Yeah, and totally missed RAI part, billing, model deployment, security patches, rate-limiting, caching, dead GPUs, metrics, multiple regions, gov clouds, gdpr(or data locality issues), monitoring, alerting and god knows what else while at extreme loads.
GDPR doesn’t affect load, dead GPUs are no different than any software freeze, model is a file update, metrics are already scaling very well and even way way way bigger and they are very linear, security updates are hedged with gradual rollouts, canary, feature flags, etc.
From an ops perspective all of these things are already really well solved issues in a very scalable manner, because plenty of companies had to solve these issues before.
It’s even better here because you can throw millions in salaries to “steal” the insider info on how their production actually.
No doubt it is fast-paced but the complexity to go from 100k GPUs to 1M is much lower than from going from 1k to 10k GPUs.
All 3 big AI companies had the luxury that during the scaling phase they could do everything directly on production servers.
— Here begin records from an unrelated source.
text \<open>Indices in 1/2 Z are encoded by integers: the integer n stands for n/2.
  The element h_r (r in 1/2 + Z) is encoded by the integer j with r = j + 1/2.
  A complex vector space is a type 'v with an explicit scalar multiplication
  sc satisfying the locale vector_space.\<close>

text \<open>A D-module structure on V (given by the actions dd m of d_m and hh j of h_(j+1/2)),
  in which the central elements c and l act as the scalars cc and ll.\<close>
definition D_module ::
  "(complex \<Rightarrow> 'v::ab_group_add \<Rightarrow> 'v) \<Rightarrow> complex \<Rightarrow> complex \<Rightarrow>
   (int \<Rightarrow> 'v \<Rightarrow> 'v) \<Rightarrow> (int \<Rightarrow> 'v \<Rightarrow> 'v) \<Rightarrow> bool" where
  "D_module sc cc ll dd hh \<longleftrightarrow>
     vector_space sc \<and>
     (\<forall>m. Vector_Spaces.linear sc sc (dd m)) \<and>
     (\<forall>j. Vector_Spaces.linear sc sc (hh j)) \<and>
     (\<forall>m n v. dd m (dd n v) - dd n (dd m v) =
        sc (of_int (m - n)) (dd (m + n) v)
        + sc (if m + n = 0 then (of_int (m^3 - m) / 12) * cc else 0) v) \<and>
     (\<forall>m j v. dd m (hh j v) - hh j (dd m v) =
        sc (- (of_int j + 1/2)) (hh (m + j) v)) \<and>
     (\<forall>i j v. hh i (hh j v) - hh j (hh i v) =
        sc (if i + j + 1 = 0 then (of_int i + 1/2) * ll else 0) v)"

text \<open>(V, w) is the irreducible highest weight module L(c,h,l) with highest weight
  vector w (the image of 1): an irreducible D-module generated by a nonzero vector w
  with d_0 w = h w, c w = c w, l w = l w, D^+ w = 0.  Such a module is unique up to
  isomorphism and equals L(c,h,l).\<close>
definition is_L_module ::
  "(complex \<Rightarrow> 'v::ab_group_add \<Rightarrow> 'v) \<Rightarrow> complex \<Rightarrow> complex \<Rightarrow> complex \<Rightarrow>
   (int \<Rightarrow> 'v \<Rightarrow> 'v) \<Rightarrow> (int \<Rightarrow> 'v \<Rightarrow> 'v) \<Rightarrow> 'v \<Rightarrow> bool" where
  "is_L_module sc cc hw ll dd hh w \<longleftrightarrow>
     D_module sc cc ll dd hh \<and>
     w \<noteq> 0 \<and>
     dd 0 w = sc hw w \<and>
     (\<forall>n>0. dd n w = 0) \<and>
     (\<forall>j\<ge>0. hh j w = 0) \<and>
     (\<forall>W. module.subspace sc W \<and> (\<forall>m. dd m ` W \<subseteq> W) \<and> (\<forall>j. hh j ` W \<subseteq> W)
          \<and> (\<exists>u\<in>W. u \<noteq> 0) \<longrightarrow> W = UNIV)"

text \<open>The tensor product L \<otimes> A(\<alpha>,\<beta>,\<gamma>): since A has basis v_k (k in 1/2 Z), an element
  \<Sum>_k u_k \<otimes> v_k is represented by the finitely supported function n \<mapsto> u_(n/2).\<close>
definition tensor_space :: "(int \<Rightarrow> 'v::zero) set" where
  "tensor_space = {f. finite {n. f n \<noteq> 0}}"

text \<open>Action of d_m on the tensor product:
  d_m (u \<otimes> v_k) = d_m u \<otimes> v_k + (\<alpha> + \<beta> m - k) u \<otimes> v_(m+k).\<close>
definition tensor_d ::
  "(complex \<Rightarrow> 'v \<Rightarrow> 'v) \<Rightarrow> (int \<Rightarrow> 'v \<Rightarrow> 'v::ab_group_add) \<Rightarrow> complex \<Rightarrow> complex \<Rightarrow>
   int \<Rightarrow> (int \<Rightarrow> 'v) \<Rightarrow> int \<Rightarrow> 'v" where
  "tensor_d sc dd \<alpha> \<beta> m f n =
     dd m (f n) + sc (\<alpha> + \<beta> * of_int m - of_int (n - 2*m) / 2) (f (n - 2*m))"

text \<open>Action of h_r, r = j + 1/2, on the tensor product:
  h_r (u \<otimes> v_s) = h_r u \<otimes> v_s + u \<otimes> h_r v_s, with h_r v_s = v_(s+r) for s in Z
  and h_r v_s = \<gamma> v_(s+r) for s in 1/2 + Z.\<close>
definition tensor_h ::
  "(complex \<Rightarrow> 'v \<Rightarrow> 'v) \<Rightarrow> (int \<Rightarrow> 'v \<Rightarrow> 'v::ab_group_add) \<Rightarrow> complex \<Rightarrow>
   int \<Rightarrow> (int \<Rightarrow> 'v) \<Rightarrow> int \<Rightarrow> 'v" where
  "tensor_h sc hh \<gamma> j f n =
     hh j (f n) + sc (if even (n - (2*j+1)) then 1 else \<gamma>) (f (n - (2*j+1)))"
This is because customers were very very tolerant, and are still quite tolerant.
You can even set limits of requests to large users and shape the traffic.
Cloudflare in comparison, high-scale, low-latency, end users not tolerant at all to downtime, customers even less tolerant, clearly hostile actors that actively try to make your systems down, limited budget, a lot of different workloads, etc.
So, for LLM companies where you have to scale a single workload, largely from mostly free users, and where most paid customers can be throttled and nobody is going to complain because nobody knows what are the limits + a lot of tolerance to high-latency and even downtimes then you are very lucky.